Potentially unwanted tool:application/altnet Not disinfected HKEY_CLASSES_ROOT\Interface\{582AB125-1403-42FB-9EFB-198690BA1496}

This looks like the same one but a lil different. Did I miss something? If I knew that everything the scans picked up were ok to delete I could take care of these things myself and free up your time. Man I can't tell you how much I appriciate you. I have so much invested in this computer. I am a musician and all my songs are on here. Until now I thought the only way to get rid of viruses and such was to format. That always seemed a little primative to me though. Also thanks for spuring me on with the pro comment. Although I would never consider myself a pro at anything I can say that I know a lil about virus protection from TeMerc. When I am sure everything is gone I will refer to your previous post about making a new recovery point. Thanks again brotha

 

Have at it:
HKEY_CLASSES_ROOT\Interface\{582AB125-1403-42FB-9EFB-198690BA1496}<<<--delete

And I'm not so much a pro as much of a good Googler, results from search of that CLSID:
http://www.google.com/search?source...GLD:en&q=582AB125-1403-42FB-9EFB-198690BA1496

But I suppose doing this day in and day out gives me a little bit of an edge of regular folks.

 

Right On!

Well here is the latest scan and I am down from 5 viruses some untold number of spyware and 8 hacker tools to 0 viruses 8 spyware 0 hacker tools.
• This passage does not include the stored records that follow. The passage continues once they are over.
(* Let $p$ be an odd prime and let $k$ be an integer with $2\le k\le p-1$. Let $k^{-1}$ denote the least non-negative integer congruent to the inverse of $k$ modulo $p$, and let $K=\min\{k,k^{-1}\}$. Let $\phi$ be the orthomorphism of $\mathbb{Z}_p$ given by $\phi(x)=kx$, and let $\phi'$ be any orthomorphism of $\mathbb{Z}_p$ with $\phi'\neq\phi$. Then the number of $x\in\mathbb{Z}_p$ with $\phi(x)\neq\phi'(x)$ is at least $\log_K(p)+1$.
   Context: An orthomorphism of the cyclic group $\mathbb{Z}_p$ is a permutation $\psi$ of $\mathbb{Z}_p$ such that the map $x\mapsto \psi(x)-x$ (computed modulo $p$) is also a permutation of $\mathbb{Z}_p$. The distance between two orthomorphisms is the number of $x$ at which they differ. *)

theory Defs
  imports "HOL-Number_Theory.Number_Theory"
begin

text \<open>We model Z_p as the carrier set {0..<p} of natural numbers with arithmetic mod p.\<close>

definition orthomorphism :: "nat \<Rightarrow> (nat \<Rightarrow> nat) \<Rightarrow> bool" where
  "orthomorphism p \<psi> \<longleftrightarrow>
     bij_betw \<psi> {0..<p} {0..<p} \<and>
     bij_betw (\<lambda>x. (\<psi> x + p - x) mod p) {0..<p} {0..<p}"

definition orth_dist :: "nat \<Rightarrow> (nat \<Rightarrow> nat) \<Rightarrow> (nat \<Rightarrow> nat) \<Rightarrow> nat" where
  "orth_dist p \<psi> \<psi>' = card {x \<in> {0..<p}. \<psi> x \<noteq> \<psi>' x}"

definition inv_mod :: "nat \<Rightarrow> nat \<Rightarrow> nat" where
  "inv_mod p k = (LEAST j. [k * j = 1] (mod p))"

end

theory Submission
  imports Defs "HOL-Library.FuncSet"
begin

text \<open>
  Let \<open>S\<close> be the set where \<open>\<phi>'\<close> differs from \<open>x \<mapsto> k x\<close>. The bijections \<open>\<phi>'\<close> and
  \<open>x \<mapsto> \<phi>' x - x\<close> agree with \<open>x \<mapsto> k x\<close> and \<open>x \<mapsto> (k - 1) x\<close> off \<open>S\<close>, so they map \<open>S\<close>
  onto \<open>k S\<close> and \<open>(k - 1) S\<close>. Hence every \<open>a \<in> S\<close> satisfies \<open>k a = x + (k - 1) b\<close> (mod \<open>p\<close>)
  for some \<open>x, b \<in> S\<close> with \<open>x \<noteq> a\<close>, and, after multiplying by the inverse \<open>i\<close> of \<open>k\<close>, every
  \<open>x \<in> S\<close> satisfies \<open>i x = a + (i - 1) b\<close> for some \<open>a, b \<in> S\<close> with \<open>a \<noteq> x\<close>.

  Such a recurrence \<open>K y = \<alpha> y + (K - 1) \<beta> y\<close> on \<open>S\<close> forces \<open>p \<le> K ^ (card S - 1)\<close>. Pass to a
  minimal closed subset \<open>C\<close>, in which every point reaches a fixed \<open>r\<close>. Replacing \<open>K\<close> copies of
  \<open>y - r\<close> by \<open>(\<alpha> y - r) + (K - 1) (\<beta> y - r)\<close> reduces any non-negative combination of the
  \<open>y - r\<close> modulo \<open>p\<close> to one with all coefficients below \<open>K\<close>; this terminates because a
  potential that grows by a factor \<open>K + 1\<close> per step towards \<open>r\<close> decreases. Since every residue
  is a multiple of some \<open>y - r \<noteq> 0\<close>, all \<open>p\<close> residues occur among the \<open>K ^ (card C - 1)\<close>
  reduced combinations.
\<close>

lemma sum_if_eq_times:
  fixes F :: "'a \<Rightarrow> 'b::comm_semiring_0"
  assumes "finite V"
  shows "(\<Sum>z\<in>V. (if z = a then t else 0) * F z) = (if a \<in> V then t * F a else 0)"
  using assms by (simp add: if_distrib[of "\<lambda>u. u * _"] sum.delta cong: if_cong)

lemma congruent_digit_expansion:
  fixes V :: "'a set" and w :: "'a \<Rightarrow> int" and h :: "'a \<Rightarrow> nat" and \<alpha> \<beta> :: "'a \<Rightarrow> 'a"
  assumes fin: "finite V"
    and w_out: "\<And>z. z \<notin> V \<Longrightarrow> w z = 0" and h_out: "\<And>z. z \<notin> V \<Longrightarrow> h z = 0"
    and w_rel: "\<And>y. y \<in> V \<Longrightarrow> [int K * w y = w (\<alpha> y) + (int K - 1) * w (\<beta> y)] (mod m)"
    and h_dec: "\<And>y. y \<in> V \<Longrightarrow> h (\<alpha> y) + (K - 1) * h (\<beta> y) < K * h y"
  shows "\<exists>d. (\<forall>z\<in>V. d z < K) \<and> [(\<Sum>z\<in>V. int (d z) * w z) = (\<Sum>z\<in>V. int (c z) * w z)] (mod m)"
proof (induction "\<Sum>z\<in>V. c z * h z" arbitrary: c rule: less_induct)
  case less
  show ?case
  proof (cases "\<forall>z\<in>V. c z < K")
    case True
    then show ?thesis by (blast intro: cong_refl)
  next
    case False
    then obtain y where y: "y \<in> V" "K \<le> c y" by (auto simp: not_less)
    have "K \<noteq> 0" using h_dec[OF y(1)] by (cases K) auto
    define c' where "c' z = c z + (if z = \<alpha> y then 1 else 0) + (if z = \<beta> y then K - 1 else 0)
        - (if z = y then K else 0)" for z
    have sum_c': "(\<Sum>z\<in>V. int (c' z) * F z)
        = (\<Sum>z\<in>V. int (c z) * F z) + (F (\<alpha> y) + (int K - 1) * F (\<beta> y)) - int K * F y"
      if F_out: "\<And>z. z \<notin> V \<Longrightarrow> F z = 0" for F :: "'a \<Rightarrow> int"
    proof -
      have c'_int: "int (c' z) = int (c z) + (if z = \<alpha> y then 1 else 0) + (if z = \<beta> y then int K - 1 else 0)
          - (if z = y then int K else 0)" for z
        using y(2) \<open>K \<noteq> 0\<close> by (auto simp: c'_def)
      have "(\<Sum>z\<in>V. int (c' z) * F z) = (\<Sum>z\<in>V. int (c z) * F z
          + (if z = \<alpha> y then 1 else 0) * F z + (if z = \<beta> y then int K - 1 else 0) * F z
          - (if z = y then int K else 0) * F z)"
        by (intro sum.cong refl) (simp add: c'_int algebra_simps)
      then show ?thesis
        using F_out by (simp add: sum.distrib sum_subtractf sum_if_eq_times[OF fin] y(1))
    qed
    have "int (\<Sum>z\<in>V. c' z * h z) = (\<Sum>z\<in>V. int (c' z) * int (h z))" by simp
    also have "\<dots> = (\<Sum>z\<in>V. int (c z) * int (h z))
        + (int (h (\<alpha> y)) + (int K - 1) * int (h (\<beta> y))) - int K * int (h y)"
      by (rule sum_c') (simp add: h_out)
    also have "\<dots> < (\<Sum>z\<in>V. int (c z) * int (h z))"
    proof -
      have "int (h (\<alpha> y) + (K - 1) * h (\<beta> y)) < int (K * h y)"
        using h_dec[OF y(1)] by (simp only: of_nat_less_iff)
      then show ?thesis using \<open>K \<noteq> 0\<close> by (simp add: of_nat_diff)
    qed
    also have "\<dots> = int (\<Sum>z\<in>V. c z * h z)" by simp
    finally have decreases: "(\<Sum>z\<in>V. c' z * h z) < (\<Sum>z\<in>V. c z * h z)" by (simp only: of_nat_less_iff)
    obtain d where d: "\<forall>z\<in>V. d z < K"
        "[(\<Sum>z\<in>V. int (d z) * w z) = (\<Sum>z\<in>V. int (c' z) * w z)] (mod m)"
      using less.hyps[OF decreases] by blast
    have "(\<Sum>z\<in>V. int (c' z) * w z)
        = (\<Sum>z\<in>V. int (c z) * w z) + (w (\<alpha> y) + (int K - 1) * w (\<beta> y)) - int K * w y"
      by (rule sum_c'[OF w_out])
    also have "[\<dots> = (\<Sum>z\<in>V. int (c z) * w z) + int K * w y - int K * w y] (mod m)"
      by (intro cong_diff cong_add cong_refl cong_sym[OF w_rel[OF y(1)]])
    finally have "[(\<Sum>z\<in>V. int (c' z) * w z) = (\<Sum>z\<in>V. int (c z) * w z)] (mod m)" by simp
    then show ?thesis using d(1) cong_trans[OF d(2)] by blast
  qed
qed

lemma prime_le_power_card_if_digit_expansions:
  fixes V :: "'a set" and w :: "'a \<Rightarrow> int" and p K :: nat
  assumes p: "prime p" and fin: "finite V" and y: "y \<in> V" "\<not> int p dvd w y"
    and expand: "\<And>c. \<exists>d. (\<forall>z\<in>V. d z < K)
        \<and> [(\<Sum>z\<in>V. int (d z) * w z) = (\<Sum>z\<in>V. int (c z) * w z)] (mod int p)"
  shows "p \<le> K ^ card V"
proof -
  define residue where "residue d = nat ((\<Sum>z\<in>V. int (d z) * w z) mod int p)" for d :: "'a \<Rightarrow> nat"
  have "{0..<p} \<subseteq> residue ` (V \<rightarrow>\<^sub>E {..<K})"
  proof
    fix t assume t: "t \<in> {0..<p}"
    have "coprime (w y) (int p)"
      using p y(2) by (simp add: prime_imp_coprime coprime_commute)
    then obtain u where u: "[w y * u = 1] (mod int p)" using cong_solve_coprime_int by blast
    define m where "m = nat (u * int t mod int p)"
    have "[int m * w y = (u * int t) * w y] (mod int p)"
      using p by (simp add: m_def cong_def mod_mult_left_eq prime_gt_0_nat)
    also have "(u * int t) * w y = (w y * u) * int t" by (simp add: algebra_simps)
    also have "[\<dots> = 1 * int t] (mod int p)" by (intro cong_mult u cong_refl)
    finally have m: "[int m * w y = int t] (mod int p)" by simp
    obtain d where d: "\<forall>z\<in>V. d z < K"
        "[(\<Sum>z\<in>V. int (d z) * w z) = (\<Sum>z\<in>V. int (if z = y then m else 0) * w z)] (mod int p)"
      using expand[of "\<lambda>z. if z = y then m else 0"] by blast
    have "(\<Sum>z\<in>V. int (if z = y then m else 0) * w z) = (\<Sum>z\<in>V. (if z = y then int m else 0) * w z)"
      by (intro sum.cong) auto
    also have "\<dots> = int m * w y" by (simp only: sum_if_eq_times[OF fin] y(1) if_True)
    finally have "[(\<Sum>z\<in>V. int (restrict d V z) * w z) = int t] (mod int p)"
      using d(2) m by (simp add: cong_trans)
    then have "residue (restrict d V) = t"
      using t by (simp add: residue_def cong_def)
    moreover have "restrict d V \<in> V \<rightarrow>\<^sub>E {..<K}" using d(1) by simp
    ultimately show "t \<in> residue ` (V \<rightarrow>\<^sub>E {..<K})" by blast
  qed
  moreover have digits_finite: "finite (V \<rightarrow>\<^sub>E {..<K})" using fin by (simp add: finite_PiE)
  ultimately have "card {0..<p} \<le> card (residue ` (V \<rightarrow>\<^sub>E {..<K}))"
    by (intro card_mono finite_imageI)
  also have "\<dots> \<le> card (V \<rightarrow>\<^sub>E {..<K})" by (rule card_image_le[OF digits_finite])
  also have "\<dots> = K ^ card V" using fin by (simp add: card_PiE)
  finally show ?thesis by simp
qed

lemma closed_subset_reaching_point:
  fixes S :: "'a set" and E :: "'a \<Rightarrow> 'a \<Rightarrow> bool"
  assumes "finite S" "S \<noteq> {}" "\<And>y z. y \<in> S \<Longrightarrow> E y z \<Longrightarrow> z \<in> S"
  obtains C r where "C \<subseteq> S" "r \<in> C" "\<And>y z. y \<in> C \<Longrightarrow> E y z \<Longrightarrow> z \<in> C"
    "\<And>y. y \<in> C \<Longrightarrow> E\<^sup>*\<^sup>* y r"
proof -
  define invariant where "invariant C \<longleftrightarrow> C \<subseteq> S \<and> C \<noteq> {} \<and> (\<forall>y\<in>C. \<forall>z. E y z \<longrightarrow> z \<in> C)" for C
  have "invariant S" using assms by (auto simp: invariant_def)
  then obtain C where C: "invariant C" and minimal: "\<And>C'. invariant C' \<Longrightarrow> card C \<le> card C'"
    using ex_has_least_nat[of invariant S card] by blast
  then obtain r where r: "r \<in> C" by (auto simp: invariant_def)
  have "finite C" using C \<open>finite S\<close> by (auto simp: invariant_def intro: finite_subset)
  \<comment> \<open>The points reachable from any \<open>y \<in> C\<close> form an invariant subset, so by minimality all of \<open>C\<close>.\<close>
  have "E\<^sup>*\<^sup>* y r" if "y \<in> C" for y
  proof -
    have reach_C: "{z. E\<^sup>*\<^sup>* y z} \<subseteq> C"
    proof
      fix z assume "z \<in> {z. E\<^sup>*\<^sup>* y z}"
      then have "E\<^sup>*\<^sup>* y z" by simp
      then show "z \<in> C"
        by (induction rule: rtranclp_induct) (use that C in \<open>auto simp: invariant_def\<close>)
    qed
    then have "invariant {z. E\<^sup>*\<^sup>* y z}"
      using C by (auto simp: invariant_def intro: rtranclp.rtrancl_into_rtrancl)
    then have "{z. E\<^sup>*\<^sup>* y z} = C"
      using reach_C minimal \<open>finite C\<close> by (simp add: card_seteq)
    then show ?thesis using r by blast
  qed
  moreover have "C \<subseteq> S" "\<And>y z. y \<in> C \<Longrightarrow> E y z \<Longrightarrow> z \<in> C" using C by (auto simp: invariant_def)
  ultimately show thesis using that r by blast
qed

lemma rank_towards_point:
  fixes E :: "'a \<Rightarrow> 'a \<Rightarrow> bool"
  assumes "\<And>y. y \<in> C \<Longrightarrow> E\<^sup>*\<^sup>* y r"
  obtains rank :: "'a \<Rightarrow> nat" where "rank r = 0"
    "\<And>y. y \<in> C \<Longrightarrow> y \<noteq> r \<Longrightarrow> \<exists>z. E y z \<and> rank z < rank y"
proof -
  define rank where "rank y = (LEAST n. (E ^^ n) y r)" for y
  have "rank r = 0" unfolding rank_def by (rule Least_eq_0) simp
  moreover have "\<exists>z. E y z \<and> rank z < rank y" if y: "y \<in> C" "y \<noteq> r" for y
  proof -
    obtain n where "(E ^^ n) y r" using rtranclp_imp_relpowp[OF assms[OF y(1)]] by blast
    then have path: "(E ^^ rank y) y r" unfolding rank_def by (rule LeastI)
    then obtain n where n: "rank y = Suc n" using y(2) by (cases "rank y") auto
    then obtain z where "E y z" "(E ^^ n) z r" using path relpowp_Suc_D2[of n E y r] by auto
    moreover from this(2) have "rank z \<le> n" unfolding rank_def by (rule Least_le)
    ultimately show ?thesis using n by auto
  qed
  ultimately show thesis using that by blast
qed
I have to say I have learned a whole lot and actually kinda like disinfecting computers. If I were to want to practice doing this without hurting anyones system what do you think I could do? I really appriciate what you have done... Really. Thanks again. TeMerc is the man!

 

Well glad we are all cleaned up.

Yes doing this is indeed fun, for me the biggest kick is helping others. Playing with the PC and infections is almost as fun. I'm actually just beginning to get into the actual tearing down, kinda of some of these infections to learn how the install\removal process works and how some of the more complicated removal tools work that we use.
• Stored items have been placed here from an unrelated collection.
(* Let $\mathscr{H}$ be a complex Hilbert space and let $N(\cdot)$ be a norm on $\mathbb{B}(\mathscr{H})$. Then the function $w_{(N,e)}(\cdot,\cdot):\mathbb{B}^2(\mathscr{H})\to[0,\infty)$ defined by $$w_{(N,e)}(B,C)=\sup_{\lambda_1,\lambda_2\in\mathbb{C},\ |\lambda_1|^2+|\lambda_2|^2\leq 1}\ \sup_{\theta\in\mathbb{R}} N\left(\Re\left(e^{i\theta}(\lambda_1B+\lambda_2C)\right)\right)$$ is a norm on $\mathbb{B}^2(\mathscr{H})=\mathbb{B}(\mathscr{H})\times\mathbb{B}(\mathscr{H})$ (with componentwise addition and scalar multiplication).
   Context: $\mathbb{B}(\mathscr{H})$ denotes the algebra of bounded linear operators on $\mathscr{H}$. For $T\in\mathbb{B}(\mathscr{H})$, $\Re(T)=\frac12(T+T^* )$. *)

theory Defs
  imports Complex_Main
begin

text \<open>Convention: the inner product is conjugate-linear in the first and linear in the
  second argument (the choice is irrelevant for the statement).\<close>

class chilbert = ab_group_add +
  fixes scaleC :: "complex \<Rightarrow> 'a \<Rightarrow> 'a"  (infixr "*\<^sub>C" 75)
    and cinner :: "'a \<Rightarrow> 'a \<Rightarrow> complex"
  assumes scaleC_add_right: "a *\<^sub>C (x + y) = a *\<^sub>C x + a *\<^sub>C y"
    and scaleC_add_left: "(a + b) *\<^sub>C x = a *\<^sub>C x + b *\<^sub>C x"
    and scaleC_scaleC: "a *\<^sub>C (b *\<^sub>C x) = (a * b) *\<^sub>C x"
    and scaleC_one: "1 *\<^sub>C x = x"
    and cinner_commute: "cinner x y = cnj (cinner y x)"
    and cinner_add_left: "cinner (x + y) z = cinner x z + cinner y z"
    and cinner_scaleC_left: "cinner (a *\<^sub>C x) y = cnj a * cinner x y"
    and cinner_ge_zero: "0 \<le> Re (cinner x x)"
    and cinner_eq_zero_iff: "cinner x x = 0 \<longleftrightarrow> x = 0"
    and chilbert_complete:
      "(\<forall>e>0. \<exists>M. \<forall>m\<ge>M. \<forall>n\<ge>M. sqrt (Re (cinner ((X::nat \<Rightarrow> 'a) m - X n) (X m - X n))) < e)
        \<Longrightarrow> (\<exists>L. \<forall>e>0. \<exists>M. \<forall>n\<ge>M. sqrt (Re (cinner (X n - L) (X n - L))) < e)"

definition cnorm :: "'a::chilbert \<Rightarrow> real" where
  "cnorm x = sqrt (Re (cinner x x))"

definition bounded_op :: "('a::chilbert \<Rightarrow> 'a) \<Rightarrow> bool" where
  "bounded_op T \<longleftrightarrow>
     (\<forall>x y. T (x + y) = T x + T y) \<and> (\<forall>a x. T (a *\<^sub>C x) = a *\<^sub>C T x) \<and>
     (\<exists>K. \<forall>x. cnorm (T x) \<le> K * cnorm x)"

definition adjoint :: "('a::chilbert \<Rightarrow> 'a) \<Rightarrow> ('a \<Rightarrow> 'a)" where
  "adjoint T = (THE S. \<forall>x y. cinner (T x) y = cinner x (S y))"

definition op_Re :: "('a::chilbert \<Rightarrow> 'a) \<Rightarrow> ('a \<Rightarrow> 'a)" where
  "op_Re T = (\<lambda>x. (1/2) *\<^sub>C (T x + adjoint T x))"

definition is_op_norm :: "(('a::chilbert \<Rightarrow> 'a) \<Rightarrow> real) \<Rightarrow> bool" where
  "is_op_norm N \<longleftrightarrow>
     (\<forall>T. bounded_op T \<longrightarrow> 0 \<le> N T \<and> (N T = 0 \<longleftrightarrow> T = (\<lambda>x. 0))) \<and>
     (\<forall>c T. bounded_op T \<longrightarrow> N (\<lambda>x. c *\<^sub>C T x) = cmod c * N T) \<and>
     (\<forall>S T. bounded_op S \<longrightarrow> bounded_op T \<longrightarrow> N (\<lambda>x. S x + T x) \<le> N S + N T)"

definition wNe_set :: "(('a::chilbert \<Rightarrow> 'a) \<Rightarrow> real) \<Rightarrow> ('a \<Rightarrow> 'a) \<Rightarrow> ('a \<Rightarrow> 'a) \<Rightarrow> real set" where
  "wNe_set N B C =
     {N (op_Re (\<lambda>x. exp (\<i> * of_real \<theta>) *\<^sub>C (l1 *\<^sub>C B x + l2 *\<^sub>C C x))) | l1 l2 \<theta>.
        (cmod l1)\<^sup>2 + (cmod l2)\<^sup>2 \<le> 1}"

definition wNe :: "(('a::chilbert \<Rightarrow> 'a) \<Rightarrow> real) \<Rightarrow> ('a \<Rightarrow> 'a) \<Rightarrow> ('a \<Rightarrow> 'a) \<Rightarrow> real" where
  "wNe N B C = Sup (wNe_set N B C)"

end

theory Submission
  imports Defs
begin

text \<open>Each N (Re (e^(i\<theta>) (\<lambda>1 B + \<lambda>2 C))) is N composed with a real-linear map of (B, C),
  hence subadditive in (B, C); so is their supremum, which is finite because
  N (Re T) \<le> (N T + N (adjoint T)) / 2. Multiplying (B, C) by c = |c| e^(i\<phi>) only shifts \<theta> by \<phi>,
  which gives complex homogeneity. If w_(N,e)(B, C) = 0 then Re B = Re (iB) = 0, and
  B = Re B - i Re (iB) vanishes. As the adjoint is defined by a description, all of this rests on
  its existence, i.e. on the Riesz representation theorem: a bounded functional g \<noteq> 0 is
  represented by a multiple of the vector of least norm in the closed convex set {g = 1}.\<close>

section \<open>Complex inner product spaces\<close>

global_interpretation scaleC: vector_space "scaleC :: complex \<Rightarrow> 'a \<Rightarrow> 'a::chilbert"
  by unfold_locales (simp_all add: scaleC_add_right scaleC_add_left scaleC_scaleC scaleC_one)

lemma cinner_add_right: "cinner x (y + z) = cinner x y + cinner (x::'a::chilbert) z"
  by (metis cinner_commute cinner_add_left complex_cnj_add)

lemma cinner_scaleC_right: "cinner x (a *\<^sub>C y) = a * cinner (x::'a::chilbert) y"
  by (metis cinner_commute cinner_scaleC_left complex_cnj_mult complex_cnj_cnj)

lemma cinner_zero_left [simp]: "cinner 0 (y::'a::chilbert) = 0"
  using cinner_scaleC_left[of 0 0 y] by simp

lemma cinner_zero_right [simp]: "cinner (x::'a::chilbert) 0 = 0"
  using cinner_scaleC_right[of x 0 0] by simp

lemma cinner_diff_right: "cinner x (y - z) = cinner x y - cinner (x::'a::chilbert) z"
  using cinner_add_right[of x "y - z" z] by simp

lemma cinner_ext: "(\<And>x. cinner x u = cinner x v) \<Longrightarrow> u = (v::'a::chilbert)"
  by (metis cinner_diff_right cinner_eq_zero_iff eq_iff_diff_eq_0)

lemma cnorm_nonneg: "0 \<le> cnorm x"
  by (simp add: cnorm_def cinner_ge_zero)

lemma cinner_self_eq_cnorm_sq: "cinner x x = of_real ((cnorm x)\<^sup>2)"
proof -
  have "Im (cinner x x) = 0"
    using cinner_commute[of x x] by (metis cnj.sel(2) neg_equal_zero)
  then show ?thesis
    by (simp add: cnorm_def cinner_ge_zero complex_eq_iff)
qed

lemma cnorm_eq_0_iff: "cnorm x = 0 \<longleftrightarrow> x = 0"
  by (metis cinner_eq_zero_iff cinner_self_eq_cnorm_sq of_real_eq_0_iff zero_eq_power2)

lemma cnorm_zero [simp]: "cnorm 0 = 0"
  by (simp add: cnorm_eq_0_iff)

lemma cnorm_add_scaleC_sq:
  "(cnorm (x + t *\<^sub>C y))\<^sup>2 = (cnorm x)\<^sup>2 + 2 * Re (t * cinner x y) + (cmod t)\<^sup>2 * (cnorm y)\<^sup>2"
proof -
  have t: "cnj t * t = of_real ((cmod t)\<^sup>2)"
    by (metis complex_norm_square mult.commute)
  have "cinner (x + t *\<^sub>C y) (x + t *\<^sub>C y)
      = cinner x x + (t * cinner x y + cnj (t * cinner x y)) + (cnj t * t) * cinner y y"
    by (simp add: cinner_add_left cinner_add_right cinner_scaleC_left cinner_scaleC_right
        cinner_commute[of y x] algebra_simps)
  also have "\<dots> = of_real ((cnorm x)\<^sup>2 + 2 * Re (t * cinner x y) + (cmod t)\<^sup>2 * (cnorm y)\<^sup>2)"
    by (simp only: cinner_self_eq_cnorm_sq complex_add_cnj t of_real_add of_real_mult)
  finally show ?thesis
    by (simp only: cinner_self_eq_cnorm_sq of_real_eq_iff)
qed

lemma cnorm_scaleC: "cnorm (t *\<^sub>C x) = cmod t * cnorm x"
proof (rule power2_eq_imp_eq)
  show "(cnorm (t *\<^sub>C x))\<^sup>2 = (cmod t * cnorm x)\<^sup>2"
    using cnorm_add_scaleC_sq[of 0 t x] by (simp add: power_mult_distrib)
qed (simp_all add: cnorm_nonneg)

lemma cnorm_add_sq: "(cnorm (x + y))\<^sup>2 = (cnorm x)\<^sup>2 + 2 * Re (cinner x y) + (cnorm y)\<^sup>2"
  using cnorm_add_scaleC_sq[of x 1 y] by simp

lemma cnorm_diff_sq: "(cnorm (x - y))\<^sup>2 = (cnorm x)\<^sup>2 - 2 * Re (cinner x y) + (cnorm y)\<^sup>2"
  using cnorm_add_scaleC_sq[of x "-1" y] by simp

lemma cnorm_parallelogram:
  "(cnorm (x + y))\<^sup>2 + (cnorm (x - y))\<^sup>2 = 2 * (cnorm x)\<^sup>2 + 2 * (cnorm y)\<^sup>2"
  by (simp add: cnorm_add_sq cnorm_diff_sq)

lemma cnorm_minus_commute: "cnorm (x - y) = cnorm (y - x)"
  using cnorm_scaleC[of "-1" "y - x"] by simp

lemma cinner_Cauchy_Schwarz: "cmod (cinner x y) \<le> cnorm x * cnorm y"
proof (cases "y = 0")
  case False
  define a where "a = cinner x y"
  define q where "q = (cnorm y)\<^sup>2"
  have q: "q > 0"
    using False cnorm_nonneg[of y] by (simp add: q_def cnorm_eq_0_iff)
  define t where "t = - cnj a / of_real q"
  have "t * a = - of_real ((cmod a)\<^sup>2 / q)"
    by (simp add: t_def mult.commute flip: complex_norm_square)
  moreover have "(cmod t)\<^sup>2 * q = (cmod a)\<^sup>2 / q"
    using q by (simp add: t_def norm_divide power2_eq_square)
  ultimately have "(cnorm (x + t *\<^sub>C y))\<^sup>2 = (cnorm x)\<^sup>2 - (cmod a)\<^sup>2 / q"
    by (simp add: cnorm_add_scaleC_sq a_def q_def)
  then have "(cmod a)\<^sup>2 / q \<le> (cnorm x)\<^sup>2"
    using zero_le_power2[of "cnorm (x + t *\<^sub>C y)"] by linarith
  then have "(cmod a)\<^sup>2 \<le> (cnorm x * cnorm y)\<^sup>2"
    using q by (simp add: q_def pos_divide_le_eq power_mult_distrib)
  then show ?thesis
    unfolding a_def using cnorm_nonneg by (metis power2_le_imp_le mult_nonneg_nonneg)
qed simp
And I been at it for over two years!!

If you want to learn more about helping others to remove this stuff and have the time, mind you, this isn't something you can do off and on and stay current, you can join up at a school for learning called Malware University

This kind of thing takes a while to get right and it takes alot of time with tons of reading.

The running of the basic scanners is relatively easy but once you get beyond the basic low level adwares things get really complicated really fast. I won't even mention rootkits because dealing with them requires a special deep knowledge on how every aspect of the OS operates from the instant you hit the power button to when you see the Windows log on screen. And that's just the first few seconds!!

My best advice is to read, read, read....................then read some more. When your eyes are bleeding and sore and about to fall out.....your almost ready to tackle live logs on your own.

Good luck and don't hesitate to drop me a note about any other questions you may have.